L'actualité du livre
Littératureet Poésie & théâtre  

Les Fables de Zambri
de Ambrose Bierce
Le Dilettante 2013 /  15 €- 98.25  ffr. / 192 pages
ISBN : 978-2-84263-747-7
FORMAT : 12,0 cm × 18,0 cm

Alice Charbin (Illustratrice)

Thierry Beauchamp (Traducteur)


Fables absurdes

Précédées d’une préface fort intéressante de Thierry Beauchamp, le traducteur, et illustrées de façon malicieuse par Alice Charbin, ces Fables de Zambri que réédite Le Dilettante offrent un moment de lecture réjouissant. Ces courts textes inspirés d’une tradition fondée par Ésope et qui fonctionnent résolument selon le principe de l’absurde, étaient des textes de commande écrits lors du séjour londonien de Bierce (les 57 premiers ont paru entre juillet et septembre 1872, suivis d’autres entre novembre 1872 et mars 1873). Si ce séjour londonien déçut l’auteur américain à plus d’un titre, en revanche à son retour aux États-Unis, et durant toute sa vie, il continua d’explorer avec talent le genre de la fable ; au total il en composa environ 850… parues en recueil sous le titre Les Fables fantastiques.

Ces Fables de Zambri, inédites en français, peuvent être lues, selon les termes de Thierry Beauchamp, comme un «laboratoire expérimental». Le genre de la fable, avec sa concision, se prête particulièrement bien à la forme d’esprit de Bierce, dont on connaît surtout en France le caustique Dictionnaire du Diable. Une idée de l’esprit de ces pages alertes : la dédicace au rédacteur en chef de Fun : «Monsieur, j’ai traduit du persan ces fables écrites par Zambri le Parsi, un contemporain de Zoroastre. Je les crois égales à celles du regretté M. Ésope, en tout cas aux plus nulles d’entre elles. J’en ai encore des tonnes en réserve et je continuerai de vous les envoyer aussi longtemps que vous le supporterez. Dod Grile (Ambrose Bierce)».

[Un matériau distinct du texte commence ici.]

definition invertible_on :: "'n set \<Rightarrow> ('n \<Rightarrow> 'n \<Rightarrow> real) \<Rightarrow> bool" where
  "invertible_on M H \<longleftrightarrow> (\<exists>B. (\<forall>i\<in>M. \<forall>j\<in>M. (\<Sum>k\<in>M. H i k * B k j) = (if i = j then 1 else 0))
                            \<and> (\<forall>i\<in>M. \<forall>j\<in>M. (\<Sum>k\<in>M. B i k * H k j) = (if i = j then 1 else 0)))"

definition quasi_strict :: "(('n::finite \<Rightarrow> bool) \<Rightarrow> real) \<Rightarrow> real^'n \<Rightarrow> bool" where
  "quasi_strict u x \<longleftrightarrow>
     (\<forall>i. (x$i = 1 \<longrightarrow> Upure u i True x > Upure u i False x) \<and>
          (x$i = 0 \<longrightarrow> Upure u i False x > Upure u i True x))"

definition regular_NE :: "(('n::finite \<Rightarrow> bool) \<Rightarrow> real) \<Rightarrow> real^'n \<Rightarrow> bool" where
  "regular_NE u x \<longleftrightarrow> x \<in> NE u \<and> quasi_strict u x \<and>
     invertible_on (mixing_players x) (hess u x)"

definition regular_game :: "(('n::finite \<Rightarrow> bool) \<Rightarrow> real) \<Rightarrow> bool" where
  "regular_game u \<longleftrightarrow> (\<forall>x\<in>NE u. regular_NE u x)"

definition complex_eigenvalue :: "real^'n^'n \<Rightarrow> complex \<Rightarrow> bool" where
  "complex_eigenvalue A mu \<longleftrightarrow>
     (\<exists>v :: complex^'n. v \<noteq> 0 \<and> (\<chi> i j. complex_of_real (A$i$j)) *v v = mu *s v)"

definition hyperbolic_pt :: "(real^'n \<Rightarrow> real^'n) \<Rightarrow> real^'n \<Rightarrow> bool" where
  "hyperbolic_pt F x \<longleftrightarrow> invertible (jacobian F (at x))"

definition linearly_stable :: "(real^'n \<Rightarrow> real^'n) \<Rightarrow> real^'n \<Rightarrow> bool" where
  "linearly_stable F x \<longleftrightarrow> (\<forall>mu. complex_eigenvalue (jacobian F (at x)) mu \<longrightarrow> Re mu < 0)"

definition pure_profile :: "real^'n \<Rightarrow> bool" where
  "pure_profile x \<longleftrightarrow> (\<forall>i. x$i = 0 \<or> x$i = 1)"

definition pure_ND :: "(('n::finite \<Rightarrow> bool) \<Rightarrow> real) \<Rightarrow> real \<Rightarrow> real^'n \<Rightarrow> bool" where
  "pure_ND u lam x \<longleftrightarrow>
     (\<exists>y xs. continuous_on {0<..lam} y \<and> (\<forall>mu\<in>{0<..lam}. y mu \<in> ND u mu) \<and> y lam = x \<and>
            xs \<in> NE u \<and> pure_profile xs \<and> (y \<longlongrightarrow> xs) (at_right 0))"

end

theory Submission
  imports Defs
begin

text \<open>At a Nash distribution x the Jacobian of the smoothed best-response field is
  diag p H - I, where H is the (symmetric, zero-diagonal) Hessian of the multilinear extension
  and p_i = x_i (1 - x_i) / lam. Its spectrum is governed by comparing the quadratic forms
  v' H v and sum_i v_i^2 / p_i. As lam tends to 0 every Nash distribution approaches an
  equilibrium. Near a pure regular equilibrium all gains are bounded away from 0, so the p_i are
  exponentially small, the second form dominates, and all eigenvalues have negative real part.
  Near a mixed regular equilibrium the weights of the mixing players are of order 1 / lam, so the
  invertible Hessian block dominates: this gives hyperbolicity, and a nonzero off-diagonal entry
  of H gives a direction with v' H v >= sum_i v_i^2 / p_i, hence an eigenvalue with nonnegative
  real part. Finally, the Nash distributions near a pure equilibrium are fixed points of uniform
  contractions, hence form a continuous branch, and along any branch stability is locally
  constant, so it is decided by the limit of the branch.\<close>

section \<open>The multilinear extension\<close>

lemma upd_nth [simp]: "upd x i t $ j = (if j = i then t else x $ j)"
  by (simp add: upd_def)

lemma upd_upd_same [simp]: "upd (upd x i s) i t = upd x i t"
  by (simp add: vec_eq_iff)

lemma upd_upd_swap: "i \<noteq> j \<Longrightarrow> upd (upd x i s) j t = upd (upd x j t) i s"
  by (simp add: vec_eq_iff)

lemma upd_nth_self [simp]: "upd x i (x $ i) = x"
  by (simp add: vec_eq_iff)

lemma upd_in_simplex_prod:
  "x \<in> simplex_prod \<Longrightarrow> 0 \<le> t \<Longrightarrow> t \<le> 1 \<Longrightarrow> upd x i t \<in> simplex_prod"
  by (simp add: simplex_prod_def)

lemma mlext_upd:
  "mlext u (upd x i t) = (\<Sum>s\<in>UNIV. zw (s i) t * ((\<Prod>k\<in>UNIV-{i}. zw (s k) (x $ k)) * u s))"
proof -
  have "(\<Prod>k\<in>UNIV. zw (s k) (upd x i t $ k)) = zw (s i) t * (\<Prod>k\<in>UNIV-{i}. zw (s k) (x $ k))" for s
    by (subst prod.remove[of _ i]) (auto intro!: prod.cong)
  then show ?thesis
    unfolding mlext_def by (simp add: mult.assoc)
qed

lemma mlext_upd_affine:
  "mlext u (upd x i t) = t * mlext u (upd x i 1) + (1 - t) * mlext u (upd x i 0)"
proof -
  define R where "R s = (\<Prod>k\<in>UNIV-{i}. zw (s k) (x $ k)) * u s" for s
  have "(\<Sum>s\<in>UNIV. zw (s i) t * R s)
      = (\<Sum>s\<in>UNIV. t * (zw (s i) 1 * R s) + (1 - t) * (zw (s i) 0 * R s))"
    by (intro sum.cong) (auto simp: zw_def algebra_simps)
  also have "\<dots> = t * (\<Sum>s\<in>UNIV. zw (s i) 1 * R s) + (1 - t) * (\<Sum>s\<in>UNIV. zw (s i) 0 * R s)"
    by (simp add: sum.distrib sum_distrib_left)
  finally have "(\<Sum>s\<in>UNIV. zw (s i) t * R s)
      = t * (\<Sum>s\<in>UNIV. zw (s i) 1 * R s) + (1 - t) * (\<Sum>s\<in>UNIV. zw (s i) 0 * R s)" .
  then show ?thesis
    unfolding mlext_upd R_def .
qed

text \<open>gain u i x = U(a_i^1, x_{-i}) - U(a_i^2, x_{-i}) is the partial derivative of U in
  direction i, and interaction u i j x is the partial derivative of gain u j in direction i,
  which vanishes for i = j because U is affine in each coordinate.\<close>

definition gain :: "(('n::finite \<Rightarrow> bool) \<Rightarrow> real) \<Rightarrow> 'n \<Rightarrow> real^'n \<Rightarrow> real" where
  "gain u i x = mlext u (upd x i 1) - mlext u (upd x i 0)"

Une lecture jubilatoire, que l’on peut faire en ouvrant le livre à n’importe quelle page, Ambrose Bierce s’y moque de tous et de chacun… Le crapaud s’enorgueillit d’être «l’animal le plus verruqueux de la création. Peut-être bien dit une taupe, en émergeant du sol, mais c’est là un honneur stérile et superficiel. Je ne peux même pas te voir !» Escargot et limace discutent leurs mérites respectifs… Une girafe et un caniche s’affrontent… Humour noir et cynisme sont au rendez-vous et la morale de la fable du coquelet et de la poule peut résumer la philosophie de Bierce : «Cette fable montre à quel point il est absurde de prêter l’oreille à tout ce que les gens ont à dire».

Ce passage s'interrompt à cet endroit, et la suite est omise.